I wrote this text months ago but never found the time to finish it…

If Flash dies, it’s due to Apple.

A conversation in the Apple boardroom:

“Hey Steve, did you notice that Flash could undermine our business proposition?”

“Of course I do. I was just wondering how to get rid of Flash without causing too much fuss.”

“We could tell the world it drains your battery.”

“Ok, Let’s take off from that.”

I can imagine this conversation took place. However, it doesn’t matter and there’s not even a memo leaked which could confirm this. Fact is that flash is banned from the iPhone, iPod and iPad, and I don’t see that changing anytime soon. By now I read more than a couple of hours about the subject and have to admit that as far as I can see, I agree with Apple. Here’s why.

To start simple. Flash isn’t designed from scratch to be used on a mobile platform or by touch screen. It looks like Adobe didn’t see the mobile change coming, I also have to admit I didn’t see it coming too. Browsing on smart phones or general on mobile devices was a pain until two years ago. I guess Adobe thought that mobile devices wouldn’t be used for browsing and kept on their primary target platform; Microsoft Windows. The problem with flash and touch devices is that a touch doesn’t have a hover over function. With a mouse you can hover over things and this is one of Flash its strengths. Can this be overcome with touch devices? Probably, but it would mean that developers should be more aware of touch devices, and almost all existing flash is not designed for touch devices. Good web designers also have a strategy for people who don’t want flash on their browser. A website can detect if flash is available, and if not, it switches to non-flash HTML. It’s also hard to deny that flash doesn’t run easily on mobile devices. Only most recent Android versions allow flash to run (more or less properly). Even on my laptop it happens quiet frequently that my CPU is seriously working, just because I see some flash on a webpage. So Apple’s choice to ban Flash is defendable.
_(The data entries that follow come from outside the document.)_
(* Let $a_c\in(\pi,\frac32\pi)$ be the smallest strictly positive solution of $\tan(x)=\tanh(x)$. For $a>0$ the inequality $$\cosh(a)\sin(a)\sinh(x)\cos(x)-\sinh(a)\cos(a)\cosh(x)\sin(x)>0$$ holds for all $x\in(0,a)$ if and only if $a\in(0,a_c]$. *)

theory Defs
  imports "HOL-Analysis.Analysis"
begin

definition a_c :: real where
  "a_c = Inf {x::real. x > 0 \<and> tan x = tanh x}"

end

theory Submission
  imports Defs
begin

text \<open>Let \<open>h t = cosh t sin t - sinh t cos t\<close>. Since \<open>h' t = 2 sinh t sin t\<close>, \<open>h\<close> is positive
  on \<open>(0, pi]\<close> and strictly decreasing on \<open>[pi, 2 pi]\<close>, so it has exactly one zero there,
  which lies in \<open>(pi, 3/2 pi)\<close>; for \<open>t > 0\<close> the zeros of \<open>h\<close> are the solutions of
  \<open>tan t = tanh t\<close>, so this zero is \<open>a_c\<close>.
  The form \<open>F a x\<close> of the theorem equals \<open>(sinh (a+x) sin (a-x) - sinh (a-x) sin (a+x)) / 2\<close>,
  so for \<open>0 < x < a\<close> it is positive iff \<open>q (a+x) < q (a-x)\<close> with \<open>q = sin / sinh\<close>, and
  \<open>q' = - h / sinh\<^sup>2\<close>. Hence \<open>q\<close> decreases on \<open>(0, a_c]\<close> and increases on \<open>[a_c, 2 pi]\<close>.
  For \<open>a = a_c\<close> one has \<open>F a_c x = - cosh a_c sin a_c h x > 0\<close>, and for \<open>a < a_c\<close> the part
  of \<open>[a-x, a+x]\<close> beyond \<open>a_c\<close> is mirrored by this case. For \<open>a_c < a < 2 pi\<close>, \<open>q\<close> increases
  near \<open>a\<close>, so \<open>F a x < 0\<close> for small \<open>x\<close>; for \<open>a \<ge> 2 pi\<close>, \<open>F a pi\<close> and \<open>F a (2 pi)\<close>
  have opposite signs.\<close>

definition tan_tanh_gap :: "real \<Rightarrow> real" where
  "tan_tanh_gap t = cosh t * sin t - sinh t * cos t"

definition sin_sinh_ratio :: "real \<Rightarrow> real" where
  "sin_sinh_ratio t = sin t / sinh t"

definition tan_tanh_cross :: "real \<Rightarrow> real \<Rightarrow> real" where
  "tan_tanh_cross a x = cosh a * sin a * sinh x * cos x - sinh a * cos a * cosh x * sin x"

lemma tan_eq_tanh_iff_gap_zero:
  assumes "x > 0"
  shows "tan x = tanh x \<longleftrightarrow> tan_tanh_gap x = 0"
proof (cases "cos x = 0")
  case True
  then have "sin x \<noteq> 0" using sin_cos_squared_add[of x] by auto
  moreover have "tanh x \<noteq> 0" using assms by (simp add: tanh_def)
  ultimately show ?thesis using True by (simp add: tan_def tan_tanh_gap_def)
next
  case False
  then show ?thesis using cosh_real_pos[of x]
    by (simp add: tan_def tanh_def tan_tanh_gap_def divide_simps algebra_simps)
qed

lemma DERIV_tan_tanh_gap: "(tan_tanh_gap has_real_derivative 2 * sinh t * sin t) (at t)"
  unfolding tan_tanh_gap_def[abs_def] by (auto intro!: derivative_eq_intros simp: algebra_simps)

lemma continuous_on_tan_tanh_gap: "continuous_on S tan_tanh_gap"
  unfolding tan_tanh_gap_def[abs_def] by (intro continuous_intros)

lemma tan_tanh_gap_pos:
  assumes "0 < t" "t \<le> pi"
  shows "tan_tanh_gap t > 0"
proof -
  have "tan_tanh_gap 0 < tan_tanh_gap t"
  proof (rule DERIV_pos_imp_increasing_open[OF assms(1) _ continuous_on_tan_tanh_gap])
    fix x assume "0 < x" "x < t"
    then have "2 * sinh x * sin x > 0" using assms sin_gt_zero[of x] by simp
    then show "\<exists>y. (tan_tanh_gap has_real_derivative y) (at x) \<and> 0 < y"
      using DERIV_tan_tanh_gap by blast
  qed
  then show ?thesis by (simp add: tan_tanh_gap_def)
qed

lemma tan_tanh_gap_strict_antimono:
  assumes "pi \<le> s" "s < t" "t \<le> 2 * pi"
  shows "tan_tanh_gap t < tan_tanh_gap s"
proof (rule DERIV_neg_imp_decreasing_open[OF assms(2) _ continuous_on_tan_tanh_gap])
  fix x assume "s < x" "x < t"
  then have "sinh x > 0" "sin x < 0" using assms pi_gt_zero sin_lt_zero[of x] by auto
  then have "2 * sinh x * sin x < 0" by (simp add: mult_pos_neg)
  then show "\<exists>y. (tan_tanh_gap has_real_derivative y) (at x) \<and> y < 0"
    using DERIV_tan_tanh_gap by blast
qed

lemma tan_tanh_gap_3_2_pi: "tan_tanh_gap (3/2 * pi) < 0"
proof -
  have "sin (3/2 * pi) = -1" "cos (3/2 * pi) = 0"
    using sin_periodic_pi[of "pi/2"] cos_periodic_pi[of "pi/2"] by (simp_all add: algebra_simps)
  then show ?thesis using cosh_real_pos[of "3/2 * pi"] by (simp add: tan_tanh_gap_def)
qed

lemma tan_tanh_gap_root_exists: "\<exists>c. pi < c \<and> c < 3/2 * pi \<and> tan_tanh_gap c = 0"
proof -
  have pos: "tan_tanh_gap pi > 0" using tan_tanh_gap_pos by simp
  obtain c where "pi \<le> c" "c \<le> 3/2 * pi" "tan_tanh_gap c = 0"
    using IVT2'[of tan_tanh_gap "3/2 * pi" 0 pi] pos tan_tanh_gap_3_2_pi
      continuous_on_tan_tanh_gap by force
  moreover have "c \<noteq> pi" "c \<noteq> 3/2 * pi"
    using \<open>tan_tanh_gap c = 0\<close> pos tan_tanh_gap_3_2_pi by (metis less_irrefl)+
  ultimately show ?thesis by (intro exI[of _ c]) auto
qed

lemma tan_tanh_gap_pos_below_root:
  assumes "tan_tanh_gap c = 0" "c \<le> 2 * pi" "0 < t" "t < c"
  shows "tan_tanh_gap t > 0"
proof (cases "t \<le> pi")
  case False
  then show ?thesis using tan_tanh_gap_strict_antimono[of t c] assms by auto
qed (use assms tan_tanh_gap_pos in auto)

lemma tan_tanh_gap_neg_above_root:
  assumes "tan_tanh_gap c = 0" "pi \<le> c" "c < t" "t \<le> 2 * pi"
  shows "tan_tanh_gap t < 0"
  using tan_tanh_gap_strict_antimono[of c t] assms by auto

lemma a_c_is_gap_root:
  assumes "pi < c" "c < 3/2 * pi" "tan_tanh_gap c = 0"
  shows "a_c = c"
  unfolding a_c_def
proof (rule cInf_eq_minimum)
  show "c \<in> {x. 0 < x \<and> tan x = tanh x}"
    using assms pi_gt_zero tan_eq_tanh_iff_gap_zero[of c] by auto
  fix x :: real assume "x \<in> {x. 0 < x \<and> tan x = tanh x}"
  then show "c \<le> x"
    using tan_eq_tanh_iff_gap_zero[of x] tan_tanh_gap_pos_below_root[OF assms(3), of x] assms
    by force
qed

lemma a_c_bounds: "pi < a_c" "a_c < 3/2 * pi"
  and tan_tanh_gap_a_c: "tan_tanh_gap a_c = 0"
  using tan_tanh_gap_root_exists a_c_is_gap_root by auto

lemma DERIV_sin_sinh_ratio:
  assumes "t \<noteq> 0"
  shows "(sin_sinh_ratio has_real_derivative - tan_tanh_gap t / (sinh t)\<^sup>2) (at t)"
proof -
  have "sinh t \<noteq> 0" using assms by simp
  then show ?thesis
    unfolding sin_sinh_ratio_def[abs_def] tan_tanh_gap_def
    by (auto intro!: derivative_eq_intros simp: field_simps power2_eq_square)
qed

lemma continuous_on_sin_sinh_ratio: "0 \<notin> S \<Longrightarrow> continuous_on S sin_sinh_ratio"
  unfolding sin_sinh_ratio_def[abs_def] by (intro continuous_intros) auto

lemma sin_sinh_ratio_strict_antimono:
  assumes "0 < s" "s < t" "\<And>x. s < x \<Longrightarrow> x < t \<Longrightarrow> tan_tanh_gap x > 0"
  shows "sin_sinh_ratio t < sin_sinh_ratio s"
proof (rule DERIV_neg_imp_decreasing_open[OF assms(2)])
  fix x assume "s < x" "x < t"
  then have "- tan_tanh_gap x / (sinh x)\<^sup>2 < 0" using assms by simp
  then show "\<exists>y. (sin_sinh_ratio has_real_derivative y) (at x) \<and> y < 0"
    using DERIV_sin_sinh_ratio[of x] \<open>s < x\<close> assms(1) by auto
qed (use assms(1) continuous_on_sin_sinh_ratio in auto)

lemma sin_sinh_ratio_strict_mono:
  assumes "0 < s" "s < t" "\<And>x. s < x \<Longrightarrow> x < t \<Longrightarrow> tan_tanh_gap x < 0"
  shows "sin_sinh_ratio s < sin_sinh_ratio t"
proof (rule DERIV_pos_imp_increasing_open[OF assms(2)])
  fix x assume "s < x" "x < t"
  then have "0 < - tan_tanh_gap x / (sinh x)\<^sup>2" using assms by (simp add: divide_neg_pos)
  then show "\<exists>y. (sin_sinh_ratio has_real_derivative y) (at x) \<and> 0 < y"
    using DERIV_sin_sinh_ratio[of x] \<open>s < x\<close> assms(1) by auto
qed (use assms(1) continuous_on_sin_sinh_ratio in auto)

lemma tan_tanh_cross_eq:
  "tan_tanh_cross a x = (sinh (a + x) * sin (a - x) - sinh (a - x) * sin (a + x)) / 2"
  unfolding tan_tanh_cross_def by (simp add: sinh_add sinh_diff sin_add sin_diff algebra_simps)

lemma tan_tanh_cross_eq_ratio_diff:
  assumes "0 < x" "x < a"
  shows "tan_tanh_cross a x
    = sinh (a + x) * sinh (a - x) / 2 * (sin_sinh_ratio (a - x) - sin_sinh_ratio (a + x))"
proof -
  have "sinh (a + x) \<noteq> 0" "sinh (a - x) \<noteq> 0" using assms by auto
  then show ?thesis unfolding tan_tanh_cross_eq sin_sinh_ratio_def by (simp add: field_simps)
qed

lemma tan_tanh_cross_pos_iff:
  assumes "0 < x" "x < a"
  shows "tan_tanh_cross a x > 0 \<longleftrightarrow> sin_sinh_ratio (a + x) < sin_sinh_ratio (a - x)"
proof -
  have pos: "sinh (a + x) * sinh (a - x) / 2 > 0" using assms by simp
  show ?thesis unfolding tan_tanh_cross_eq_ratio_diff[OF assms]
    by (metis pos zero_less_mult_pos diff_gt_0_iff_gt mult_pos_pos)
qed

lemma tan_tanh_cross_at_gap_root:
  assumes "tan_tanh_gap a = 0"
  shows "tan_tanh_cross a x = - (cosh a * sin a) * tan_tanh_gap x"
proof -
  have "cosh a * sin a = sinh a * cos a" using assms by (simp add: tan_tanh_gap_def)
  then show ?thesis by (simp add: tan_tanh_cross_def tan_tanh_gap_def algebra_simps)
qed

lemma tan_tanh_cross_a_c_pos:
  assumes "0 < x" "x < a_c"
  shows "tan_tanh_cross a_c x > 0"
proof -
  have "sin a_c < 0" using sin_lt_zero a_c_bounds by auto
  then have "cosh a_c * sin a_c < 0" by (simp add: mult_pos_neg)
  moreover have "tan_tanh_gap x > 0"
    using tan_tanh_gap_pos_below_root[OF tan_tanh_gap_a_c] a_c_bounds assms by auto
  ultimately show ?thesis
    unfolding tan_tanh_cross_at_gap_root[OF tan_tanh_gap_a_c] by (simp add: mult_neg_pos)
qed

lemma tan_tanh_cross_pos_upto_a_c:
  assumes "0 < x" "x < a" "a \<le> a_c"
  shows "tan_tanh_cross a x > 0"
proof -
  have gap_pos: "tan_tanh_gap t > 0" if "0 < t" "t < a_c" for t
    using tan_tanh_gap_pos_below_root[OF tan_tanh_gap_a_c] a_c_bounds that by auto
  have "sin_sinh_ratio (a + x) < sin_sinh_ratio (a - x)"
  proof (cases "a + x \<le> a_c")
    case True
    show ?thesis by (rule sin_sinh_ratio_strict_antimono) (use assms True gap_pos in auto)
  next
    case False
    \<comment> \<open>Reflect the window \<open>[a - x, a + x]\<close> at \<open>a_c\<close>: it ends at \<open>a_c + y\<close> and starts
      at or to the right of \<open>a_c - y\<close>.\<close>
    define y where "y = a + x - a_c"
    have y: "0 < y" "y < a_c" "a - x \<le> a_c - y" using False assms by (auto simp: y_def)
    have "sin_sinh_ratio (a_c + y) < sin_sinh_ratio (a_c - y)"
      using tan_tanh_cross_a_c_pos[OF y(1,2)] tan_tanh_cross_pos_iff[OF y(1,2)] by blast
    also have "\<dots> \<le> sin_sinh_ratio (a - x)"
    proof (cases "a - x = a_c - y")
      case False
      then show ?thesis
        using sin_sinh_ratio_strict_antimono[of "a - x" "a_c - y"] assms y gap_pos by auto
    qed simp
    finally show ?thesis by (simp add: y_def)
  qed
  then show ?thesis using tan_tanh_cross_pos_iff assms by auto
qed

lemma tan_tanh_cross_neg_above_a_c:
  assumes "a_c < a" "a < 2 * pi"
  shows "\<exists>x\<in>{0<..<a}. tan_tanh_cross a x < 0"
proof -
  define x where "x = min (a - a_c) (2 * pi - a) / 2"
  have "x \<le> (a - a_c) / 2" "x \<le> (2 * pi - a) / 2" "0 < x" using assms by (auto simp: x_def)
  then have x: "0 < x" "x < a" "a_c < a - x" "a + x < 2 * pi"
    using assms a_c_bounds by auto
  have "sin_sinh_ratio (a - x) < sin_sinh_ratio (a + x)"
  proof (rule sin_sinh_ratio_strict_mono)
    show "0 < a - x" "a - x < a + x" using x by linarith+
  qed (use tan_tanh_gap_neg_above_root[OF tan_tanh_gap_a_c] a_c_bounds x in auto)
  moreover have "sinh (a + x) * sinh (a - x) / 2 > 0" using x by simp
  ultimately have "tan_tanh_cross a x < 0"
    unfolding tan_tanh_cross_eq_ratio_diff[OF x(1,2)] by (simp add: mult_pos_neg)
  then show ?thesis using x by auto
qed

lemma tan_tanh_cross_nonpos_beyond_2pi:
  assumes "2 * pi \<le> a"
  shows "\<exists>x\<in>{0<..<a}. tan_tanh_cross a x \<le> 0"
proof (cases "cosh a * sin a \<ge> 0")
  case True
  have "tan_tanh_cross a pi = - (cosh a * sin a) * sinh pi" by (simp add: tan_tanh_cross_def)
  also have "\<dots> \<le> 0" using True by simp
  finally have "tan_tanh_cross a pi \<le> 0" .
  moreover have "pi \<in> {0<..<a}" using assms pi_gt_zero by (simp, linarith)
  ultimately show ?thesis by blast
next
  case False
  then have "a \<noteq> 2 * pi" by auto
  have "tan_tanh_cross a (2 * pi) = cosh a * sin a * sinh (2 * pi)"
    by (simp add: tan_tanh_cross_def)
  also have "\<dots> \<le> 0" using False by (simp add: mult_nonpos_nonneg)
  finally have "tan_tanh_cross a (2 * pi) \<le> 0" .
  moreover have "2 * pi \<in> {0<..<a}" using assms \<open>a \<noteq> 2 * pi\<close> pi_gt_zero by simp
  ultimately show ?thesis by blast
qed

lemma tan_tanh_cross_pos_iff_le_a_c:
  assumes "a > 0"
  shows "(\<forall>x\<in>{0<..<a}. tan_tanh_cross a x > 0) \<longleftrightarrow> a \<le> a_c"
proof
  assume pos: "\<forall>x\<in>{0<..<a}. tan_tanh_cross a x > 0"
  show "a \<le> a_c"
  proof (rule ccontr)
    assume "\<not> a \<le> a_c"
    then consider "a_c < a" "a < 2 * pi" | "2 * pi \<le> a" by linarith
    then show False
      using tan_tanh_cross_neg_above_a_c tan_tanh_cross_nonpos_beyond_2pi pos
      by (cases; fastforce)
  qed
qed (use tan_tanh_cross_pos_upto_a_c in auto)

theorem lemmaC6:
  shows "a_c \<in> {pi<..<3/2*pi} \<and> tan a_c = tanh a_c \<and>
    (\<forall>a::real. a > 0 \<longrightarrow>
      ((\<forall>x\<in>{0<..<a}. cosh a * sin a * sinh x * cos x - sinh a * cos a * cosh x * sin x > 0)
        \<longleftrightarrow> a \<le> a_c))"
proof -
  have "tan a_c = tanh a_c"
    using tan_tanh_gap_a_c a_c_bounds pi_gt_zero tan_eq_tanh_iff_gap_zero by auto
  then show ?thesis
    using a_c_bounds tan_tanh_cross_pos_iff_le_a_c unfolding tan_tanh_cross_def by auto
qed

end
I read a lot of bad press about people accusing Apple of its walled garden and apparently closed eco-system. But consider this: What will happen anytime soon with android apps? They will contain malware. Apple’s walled garden isn’t bad for almost all end users. And hey, every company would like to do what Apples does, but only few get away with it.

The mobile war has just started, and this is just one of the battles. I find it very interesting to see all these powers at work. Sadly we will never hear all details about how internal conversations about this subject took place.